Monsoreau había dicho el día an­terior al príncipe que podía contar con Bussy; por consiguiente, aque­lla mudanza era repentina y no po­día proceder sino del billete que Remigio había entregado a su amo en la iglesia.

-¿Conque es decir -dijo el du­que apretando los dientes-, es -de­cir que abandonas a tu señor y amo?

-Monseñor -repuso Bussy-, el hombre que expone su vida maña­na en un combate encarnizado, san­griento, mortífero, como será el nuestro, no tiene más que un amo, y a este amo es a quien quiero con­sagrar mis últimas devociones.

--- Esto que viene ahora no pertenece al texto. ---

lemma euler0_first_order:
  "m \<le> p \<Longrightarrow> \<bar>euler0 f tau tn dt un m - un - (node tau tn dt m - tn) * f tn un\<bar> \<le> C_euler m * h\<^sup>2"
proof (induction m)
  case 0
  then show ?case by (simp add: C_euler_def)
next
  case (Suc m)
  let ?e = "euler0 f tau tn dt un m" and ?n = "node tau tn dt m" and ?n1 = "node tau tn dt (Suc m)"
  let ?f0 = "f tn un"
  define E where "E = ?e - un - (?n - tn) * ?f0"
  have m: "m < p" using Suc.prems by simp
  have IH: "\<bar>E\<bar> \<le> C_euler m * h\<^sup>2" using Suc.IH m unfolding E_def by simp
  have n: "0 \<le> ?n - tn" "?n - tn \<le> dt" using node_offset_bounds[of m dt tn] m dt_pos by auto
  have n1: "0 \<le> ?n1 - ?n" "?n1 - ?n \<le> dt" using node_step_bounds[OF m, of dt tn] dt_pos by auto
  have "\<bar>(?n - tn) * ?f0\<bar> \<le> h * F0"
    unfolding abs_mult using n f_bound dt_le_h by (intro mult_mono) auto
  then have "\<bar>?e - un\<bar> \<le> C_euler m * h\<^sup>2 + h * F0" using IH unfolding E_def by linarith
  have "\<bar>f ?n ?e - f ?n un\<bar> \<le> Lc * \<bar>?e - un\<bar>" using f_lipschitz by blast
  also have "\<dots> \<le> Lc * (C_euler m * h\<^sup>2 + h * F0)" using \<open>\<bar>?e - un\<bar> \<le> _\<close> Lc_nonneg by (rule mult_left_mono)
  finally have lip_step: "\<bar>f ?n ?e - f ?n un\<bar> \<le> Lc * (C_euler m * h\<^sup>2 + h * F0)" .
  have "?n \<in> {tn..tn+dt}" using n by auto
  then have "\<bar>f ?n un - ?f0\<bar> \<le> M * (?n - tn)" using time_lip by blast
  also have "\<dots> \<le> M * h" using n dt_le_h M_nonneg by (intro mult_left_mono) auto
  finally have time_step: "\<bar>f ?n un - ?f0\<bar> \<le> M * h" .
  from lip_step time_step have "\<bar>f ?n ?e - ?f0\<bar> \<le> Lc * (C_euler m * h\<^sup>2 + h * F0) + M * h" by linarith
  then have "\<bar>(?n1 - ?n) * (f ?n ?e - ?f0)\<bar> \<le> h * (Lc * (C_euler m * h\<^sup>2 + h * F0) + M * h)"
    unfolding abs_mult using n1 dt_le_h by (intro mult_mono) auto
  also have "\<dots> = Lc * C_euler m * h\<^sup>2 * h + h\<^sup>2 * (Lc * F0 + M)"
    by (simp add: algebra_simps power2_eq_square)
  also have "\<dots> \<le> Lc * C_euler m * h\<^sup>2 * 1 + h\<^sup>2 * (Lc * F0 + M)"
    using h_le_1 Lc_nonneg C_euler_nonneg[of m] by (intro add_mono mult_left_mono) auto
  finally have step: "\<bar>(?n1 - ?n) * (f ?n ?e - ?f0)\<bar> \<le> Lc * C_euler m * h\<^sup>2 + h\<^sup>2 * (Lc * F0 + M)"
    by simp
  have "euler0 f tau tn dt un (Suc m) - un - (?n1 - tn) * ?f0 = E + (?n1 - ?n) * (f ?n ?e - ?f0)"
    unfolding E_def by (simp add: algebra_simps)
  then have "\<bar>euler0 f tau tn dt un (Suc m) - un - (?n1 - tn) * ?f0\<bar> \<le> (C_euler m * (1 + Lc) + (Lc * F0 + M)) * h\<^sup>2"
    using IH step by (simp add: algebra_simps)
  also have "\<dots> \<le> C_euler (Suc m) * h\<^sup>2" using C_euler_Suc by (intro mult_right_mono) auto
  finally show ?case .
qed

lemma dg_solution_near_un:
  assumes dg: "dg_solution f tau p tn dt un Uh" and m: "m \<le> p"
  shows "\<bar>Uh m - un\<bar> \<le> C_near * h"
proof -
  let ?F = "Fvec f tau p tn dt Uh"
  define d where "d = (\<Sum>m\<le>p. \<bar>Uh m - un\<bar>)"
  have d: "\<forall>m\<le>p. \<bar>Uh m - un\<bar> \<le> d" unfolding d_def by (auto intro: member_le_sum)
  define R where "R = 2 * A * F0 + 2 * ((M * dt + Lc * (P * A * d)) * A)"
  have "\<bar>?F i\<bar> \<le> R" if i: "i \<le> p" for i
  proof -
    have "\<bar>?F i - f tn un * integral {-1..1} (lag tau p i)\<bar> \<le> 2 * ((M * dt + Lc * (P * A * d)) * A)"
      using Fvec_near_constant[OF d i _ time_lip] dt_pos by simp
    moreover have "\<bar>f tn un * integral {-1..1} (lag tau p i)\<bar> \<le> F0 * (2 * A)"
      unfolding abs_mult using f_bound abs_integral_lag_le[OF i] F0_nonneg by (intro mult_mono) auto
    moreover have "\<bar>?F i\<bar> \<le> \<bar>?F i - f tn un * integral {-1..1} (lag tau p i)\<bar> + \<bar>f tn un * integral {-1..1} (lag tau p i)\<bar>"
      by (metis abs_triangle_ineq diff_add_cancel)
    ultimately show ?thesis unfolding R_def by (simp add: mult_ac)
  qed
  then have "\<bar>Uh k - un\<bar> \<le> dt / 2 * (\<kappa> * R)" if "k \<le> p" for k
    using dg_solution_fixed_point[OF dg that] Linv_le_\<kappa> that dt_pos by (simp add: abs_mult)
  then have "d \<le> real (card {..p}) * (dt / 2 * (\<kappa> * R))"
    unfolding d_def by (intro sum_bounded_above) auto
  also have "\<dots> = dt * (P * \<kappa> * A) * (F0 + M * dt) + (dt * Q) * d"
    by (simp add: R_def Q_def algebra_simps)
  also have "\<dots> \<le> h * (P * \<kappa> * A) * (F0 + M) + d / 2"
  proof (rule add_mono)
    have "M * dt \<le> M" using dt_le_h h_le_1 M_nonneg by (simp add: mult_left_le)
    then show "dt * (P * \<kappa> * A) * (F0 + M * dt) \<le> h * (P * \<kappa> * A) * (F0 + M)"
      using dt_pos dt_le_h \<kappa>_nonneg A_nonneg F0_nonneg M_nonneg by (intro mult_mono) auto
    show "dt * Q * d \<le> d / 2"
      using mult_right_mono[OF dt_Q_le_half, of d] d[rule_format, of 0] by simp
  qed
  finally have "d \<le> C_near * h" unfolding C_near_def by (simp add: algebra_simps)
  then show ?thesis using d m by (meson order_trans)
qed

lemma dg_solution_first_order:
  assumes dg: "dg_solution f tau p tn dt un Uh" and m: "m \<le> p"
  shows "\<bar>Uh m - un - (node tau tn dt m - tn) * f tn un\<bar> \<le> C_first * h\<^sup>2"
proof -
  let ?F = "Fvec f tau p tn dt Uh" and ?f0 = "f tn un" and ?I = "\<lambda>i. integral {-1..1} (lag tau p i)"
  have lin: "Linv_apply tau p (\<lambda>i. ?f0 * ?I i) m = ?f0 * - (tau m + 1)"
    using Linv_apply_scale[OF m, of ?f0 ?I] Linv_apply_integral_lag[OF m] by simp
  have "Uh m - un - (node tau tn dt m - tn) * ?f0
      = - (dt / 2) * (Linv_apply tau p ?F m - Linv_apply tau p (\<lambda>i. ?f0 * ?I i) m)"
    unfolding lin by (subst dg_solution_fixed_point[OF dg m]) (simp add: node_def algebra_simps)
  also have "\<dots> = - (dt / 2) * Linv_apply tau p (\<lambda>i. ?F i - ?f0 * ?I i) m"
    by (simp add: Linv_apply_diff[OF m])
  finally have eq: "\<bar>Uh m - un - (node tau tn dt m - tn) * ?f0\<bar>
      = dt / 2 * \<bar>Linv_apply tau p (\<lambda>i. ?F i - ?f0 * ?I i) m\<bar>"
    using dt_pos by (simp add: abs_mult)
  define R where "R = 2 * ((M * h + Lc * (P * A * (C_near * h))) * A)"
  have "\<bar>?F i - ?f0 * ?I i\<bar> \<le> R" if i: "i \<le> p" for i
  proof -
    have "\<forall>k\<le>p. \<bar>Uh k - un\<bar> \<le> C_near * h" using dg_solution_near_un[OF dg] by blast
    then have "\<bar>?F i - ?f0 * ?I i\<bar> \<le> 2 * ((M * dt + Lc * (P * A * (C_near * h))) * A)"
      using Fvec_near_constant[OF _ i _ time_lip] dt_pos by simp
    also have "\<dots> \<le> R" unfolding R_def
      using dt_le_h M_nonneg Lc_nonneg A_nonneg C_near_nonneg
      by (intro mult_left_mono mult_right_mono add_mono) auto
    finally show ?thesis .
  qed
  then have "\<bar>Uh m - un - (node tau tn dt m - tn) * ?f0\<bar> \<le> dt / 2 * (\<kappa> * R)"
    unfolding eq using Linv_le_\<kappa> m dt_pos by (intro mult_left_mono) auto
  also have "\<dots> \<le> h / 2 * (\<kappa> * R)"
    using dt_le_h dt_pos \<kappa>_nonneg M_nonneg Lc_nonneg A_nonneg C_near_nonneg
    by (intro mult_right_mono) (auto simp: R_def)
  also have "\<dots> = C_first * h\<^sup>2" by (simp add: R_def C_first_def power2_eq_square algebra_simps)
  finally show ?thesis .
qed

-¡Sabes que hoy se decide nues­tra suerte, sabes que se trata nada menos que de conquistarme el tro­no, y me abandonas!

-Monseñor, ya he trabajado bas­tante por vos: bastante trabajaré mañana. No me pidáis más que la vida.

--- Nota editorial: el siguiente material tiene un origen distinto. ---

lemma tendsto_set_integral_mult_one_minus_power:
  fixes f g :: "'a \<Rightarrow> 'b::{real_normed_field, banach, second_countable_topology}"
  assumes "set_integrable M A f" and [measurable]: "g \<in> borel_measurable M"
    and "\<And>x. x \<in> A \<Longrightarrow> norm (g x) < 1"
  shows "(\<lambda>N. LINT x:A|M. f x * (1 - g x ^ N)) \<longlonglongrightarrow> (LINT x:A|M. f x)"
proof -
  define F where "F x = indicator A x *\<^sub>R f x" for x
  have F_integrable: "integrable M F"
    using assms(1) by (simp add: set_integrable_def F_def[abs_def])
  then have [measurable]: "F \<in> borel_measurable M"
    by (rule borel_measurable_integrable)
  have "(\<lambda>N. \<integral>x. F x * (1 - g x ^ N) \<partial>M) \<longlonglongrightarrow> (\<integral>x. F x \<partial>M)"
  proof (rule integral_dominated_convergence[where w = "\<lambda>x. 2 * norm (F x)"])
    show "integrable M (\<lambda>x. 2 * norm (F x))"
      using F_integrable by (intro integrable_mult_right integrable_norm)
    show "AE x in M. (\<lambda>N. F x * (1 - g x ^ N)) \<longlonglongrightarrow> F x"
    proof (rule AE_I2)
      fix x
      show "(\<lambda>N. F x * (1 - g x ^ N)) \<longlonglongrightarrow> F x"
      proof (cases "x \<in> A")
        case True
        have "(\<lambda>N. F x * (1 - g x ^ N)) \<longlonglongrightarrow> F x * (1 - 0)"
          using assms(3)[OF True] by (intro tendsto_intros)
        then show ?thesis by simp
      qed (simp add: F_def)
    qed
    show "AE x in M. norm (F x * (1 - g x ^ N)) \<le> 2 * norm (F x)" for N
    proof (rule AE_I2)
      fix x
      show "norm (F x * (1 - g x ^ N)) \<le> 2 * norm (F x)"
      proof (cases "x \<in> A")
        case True
        have "norm (1 - g x ^ N) \<le> 1 + norm (g x) ^ N"
          using norm_triangle_ineq4[of 1 "g x ^ N"] by (simp add: norm_power)
        also have "\<dots> \<le> 2"
          using assms(3)[OF True] by (simp add: power_le_one)
        finally have "norm (1 - g x ^ N) \<le> 2" .
        from mult_left_mono[OF this norm_ge_zero[of "F x"]] show ?thesis
          by (simp add: norm_mult mult.commute)
      qed (simp add: F_def)
    qed
  qed simp_all
  moreover have "F x * (1 - g x ^ N) = indicator A x *\<^sub>R (f x * (1 - g x ^ N))" for x N
    by (simp add: F_def)
  ultimately show ?thesis
    by (simp add: set_lebesgue_integral_def F_def)
qed

lemma lerch_defined_imp_norm_le_1:
  assumes "lerch_defined z s a"
  shows "norm z \<le> 1"
proof (rule ccontr)
  assume "\<not> norm z \<le> 1"
  define c where "c = norm a + 1"
  have "c > 0"
    by (simp add: c_def add_nonneg_pos)
  have "1 < norm z"
    using \<open>\<not> norm z \<le> 1\<close> by simp
  moreover have "filterlim (\<lambda>k::nat. r ^ k / (real k + c) ^ s) at_top at_top" if "1 < r" for r
    using that \<open>c > 0\<close> by real_asymp
  ultimately have "filterlim (\<lambda>k::nat. norm z ^ k / (real k + c) ^ s) at_top at_top"
    by blast
  then have "eventually (\<lambda>k. 1 \<le> norm z ^ k / (real k + c) ^ s) sequentially"
    by (simp add: filterlim_at_top)
  moreover have "eventually (\<lambda>k. norm (z ^ k / (of_nat k + a) ^ s) < 1) sequentially"
  proof (rule order_tendstoD(2))
    show "(\<lambda>k. norm (z ^ k / (of_nat k + a) ^ s)) \<longlonglongrightarrow> 0"
      using assms unfolding lerch_defined_def by (intro tendsto_norm_zero summable_LIMSEQ_zero) simp
  qed simp
  ultimately obtain k where k:
    "1 \<le> norm z ^ k / (real k + c) ^ s" "norm (z ^ k / (of_nat k + a) ^ s) < 1"
    using eventually_conj eventually_sequentially by (metis (no_types, lifting) order.refl)
  have "0 < norm (of_nat k + a)"
    using assms by (simp add: lerch_defined_def)
  moreover have "norm (of_nat k + a) \<le> real k + c"
    using norm_triangle_ineq[of "of_nat k" a] by (simp add: c_def)
  ultimately have "norm z ^ k / (real k + c) ^ s \<le> norm z ^ k / norm (of_nat k + a) ^ s"
    using \<open>c > 0\<close> by (intro divide_left_mono power_mono mult_pos_pos zero_less_power) auto
  also have "\<dots> = norm (z ^ k / (of_nat k + a) ^ s)"
    by (simp add: norm_divide norm_power)
  finally show False
    using k by simp
qed

lemma norm_mult_fst_mult_snd_lt_1:
  assumes "p \<in> {0<..<1} \<times> {0<..<1}" "norm z \<le> 1"
  shows "norm (z * complex_of_real (fst p * snd p)) < 1"
proof -
  obtain x y where "p = (x, y)" "0 < x" "x < 1" "0 < y" "y < 1"
    using assms(1) by auto
  then have "norm (complex_of_real (fst p * snd p)) < 1"
    using mult_strict_mono[of x 1 y 1] by (simp add: norm_mult)
  moreover have "norm (z * complex_of_real (fst p * snd p)) \<le> norm (complex_of_real (fst p * snd p))"
    using assms(2) by (simp add: norm_mult mult_left_le_one_le)
  ultimately show ?thesis
    by simp
qed

lemma log_kernel_eq_lerch_integrand:
  assumes "p \<in> {0<..<1} \<times> {0<..<1}" "norm z \<le> 1"
  shows "log_kernel (a + of_nat k) n p
       = lerch_integrand z (Suc n) a p * (1 - z * of_real (fst p * snd p)) * of_real (fst p * snd p) ^ k"
proof -
  obtain x y where p: "p = (x, y)" "0 < x" "0 < y"
    using assms(1) by auto
  define v where "v = complex_of_real (x * y)"
  have "v \<noteq> 0"
    using p by (simp add: v_def)
  have "a + of_nat k - 1 = (a - 1) + of_nat k"
    by simp
  then have "v powr (a + of_nat k - 1) = v powr (a - 1) * v ^ k"
    by (simp only: powr_add powr_nat'[OF disjI1[OF \<open>v \<noteq> 0\<close>]])
  moreover have "1 - z * v \<noteq> 0"
    using norm_mult_fst_mult_snd_lt_1[OF assms] by (auto simp: p v_def)
  ultimately show ?thesis
    unfolding p v_def[symmetric] log_kernel_def lerch_integrand_def
    by (cases "ln (x * y) = 0") (simp_all add: v_def field_simps del: of_real_mult)
qed

lemma set_integrable_log_kernel_shift:
  assumes "norm z \<le> 1" "set_integrable lborel ({0<..<1} \<times> {0<..<1}) (lerch_integrand z (Suc n) a)"
  shows "set_integrable lborel ({0<..<1} \<times> {0<..<1}) (log_kernel (a + of_nat k) n)"
proof (rule set_integrable_bound[where f = "\<lambda>p. 2 *\<^sub>R lerch_integrand z (Suc n) a p"])
  show "set_integrable lborel ({0<..<1} \<times> {0<..<1}) (\<lambda>p. 2 *\<^sub>R lerch_integrand z (Suc n) a p)"
    using assms(2) by simp
  show "set_borel_measurable lborel ({0<..<1} \<times> {0<..<1}) (log_kernel (a + of_nat k) n)"
    unfolding set_borel_measurable_def log_kernel_def lborel_prod[symmetric] by measurable
  have "norm (log_kernel (a + of_nat k) n p) \<le> norm (2 *\<^sub>R lerch_integrand z (Suc n) a p)"
    if p: "p \<in> {0<..<1} \<times> {0<..<1}" for p
  proof -
    define u where "u = complex_of_real (fst p * snd p)"
    have "norm (z * u) < 1" "norm u < 1"
      using norm_mult_fst_mult_snd_lt_1[OF p assms(1)] norm_mult_fst_mult_snd_lt_1[OF p, of 1]
      by (simp_all add: u_def del: of_real_mult)
    then have "norm (1 - z * u) \<le> 2" "norm (u ^ k) \<le> 1"
      using norm_triangle_ineq4[of 1 "z * u"] by (simp_all add: norm_power power_le_one)
    then have "norm ((1 - z * u) * u ^ k) \<le> 2 * 1"
      unfolding norm_mult by (intro mult_mono) auto
    from mult_left_mono[OF this norm_ge_zero[of "lerch_integrand z (Suc n) a p"]] show ?thesis
      using log_kernel_eq_lerch_integrand[OF p assms(1)] by (simp add: u_def norm_mult mult.assoc)
  qed
  then show "AE p in lborel. p \<in> {0<..<1} \<times> {0<..<1} \<longrightarrow>
      norm (log_kernel (a + of_nat k) n p) \<le> norm (2 *\<^sub>R lerch_integrand z (Suc n) a p)"
    by simp
qed

lemma set_integral_lerch_partial_sum:
  assumes "norm z \<le> 1" "set_integrable lborel ({0<..<1} \<times> {0<..<1}) (lerch_integrand z (Suc n) a)"
  shows "(\<Sum>k<N. z ^ k * (LINT p:{0<..<1} \<times> {0<..<1}|lborel. log_kernel (a + of_nat k) n p))
       = (LINT p:{0<..<1} \<times> {0<..<1}|lborel.
            lerch_integrand z (Suc n) a p * (1 - (z * of_real (fst p * snd p)) ^ N))"
proof -
  define S :: "(real \<times> real) set" where "S = {0<..<1} \<times> {0<..<1}"
  have "(\<Sum>k<N. z ^ k * (LINT p:S|lborel. log_kernel (a + of_nat k) n p))
      = (\<Sum>k<N. \<integral>p. z ^ k * (indicator S p *\<^sub>R log_kernel (a + of_nat k) n p) \<partial>lborel)"
    unfolding set_lebesgue_integral_def by (simp only: integral_mult_right_zero)
  also have "\<dots> = (\<integral>p. (\<Sum>k<N. z ^ k * (indicator S p *\<^sub>R log_kernel (a + of_nat k) n p)) \<partial>lborel)"
    using set_integrable_log_kernel_shift[OF assms] unfolding set_integrable_def S_def
    by (intro Bochner_Integration.integral_sum[symmetric] integrable_mult_right)
  also have "\<dots> = (LINT p:S|lborel. (\<Sum>k<N. z ^ k * log_kernel (a + of_nat k) n p))"
    unfolding set_lebesgue_integral_def
    by (rule Bochner_Integration.integral_cong) (auto simp: indicator_def)
  also have "\<dots> = (LINT p:S|lborel. lerch_integrand z (Suc n) a p * (1 - (z * of_real (fst p * snd p)) ^ N))"
  proof (rule set_lebesgue_integral_cong)
    show "S \<in> sets lborel"
      by (simp add: S_def borel_open open_Times)
    have "(\<Sum>k<N. z ^ k * log_kernel (a + of_nat k) n p)
        = lerch_integrand z (Suc n) a p * ((1 - z * of_real (fst p * snd p))
            * (\<Sum>k<N. (z * of_real (fst p * snd p)) ^ k))"
      if "p \<in> S" for p
      using log_kernel_eq_lerch_integrand[OF that[unfolded S_def] assms(1)]
      by (simp add: sum_distrib_left power_mult_distrib ac_simps)
    then show "\<forall>p. p \<in> S \<longrightarrow> (\<Sum>k<N. z ^ k * log_kernel (a + of_nat k) n p)
        = lerch_integrand z (Suc n) a p * (1 - (z * of_real (fst p * snd p)) ^ N)"
      by (simp only: one_diff_power_eq) blast
  qed
  finally show ?thesis
    by (simp only: S_def)
qed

-Está bien -respondió el duque con voz sorda-, sois libre, M. de Bussy, adiós.

Bussy, sin hacer caso de aquella repentina frialdad, saludó al prín­cipe, bajó la escalera del Louvre y se encaminó a paso largo hacia su casa.

El duque llamó a Aurilly.

Aurilly acudió al momento, pre­guntando:

-¿Qué tenemos, monseñor?

-Él mismo ha pronunciado su sentencia.

-¿No os acompaña?

-No.

-¿Va a la cita que le daban in­dudablemente en el billete?



-Sí.

-¿Entonces es esta noche?

-Esta noche.

-¿Está avisado M. de Monso­reau?

-De que hay cita sí, pero aun no le he dicho quién es el hombre que acudirá a ella.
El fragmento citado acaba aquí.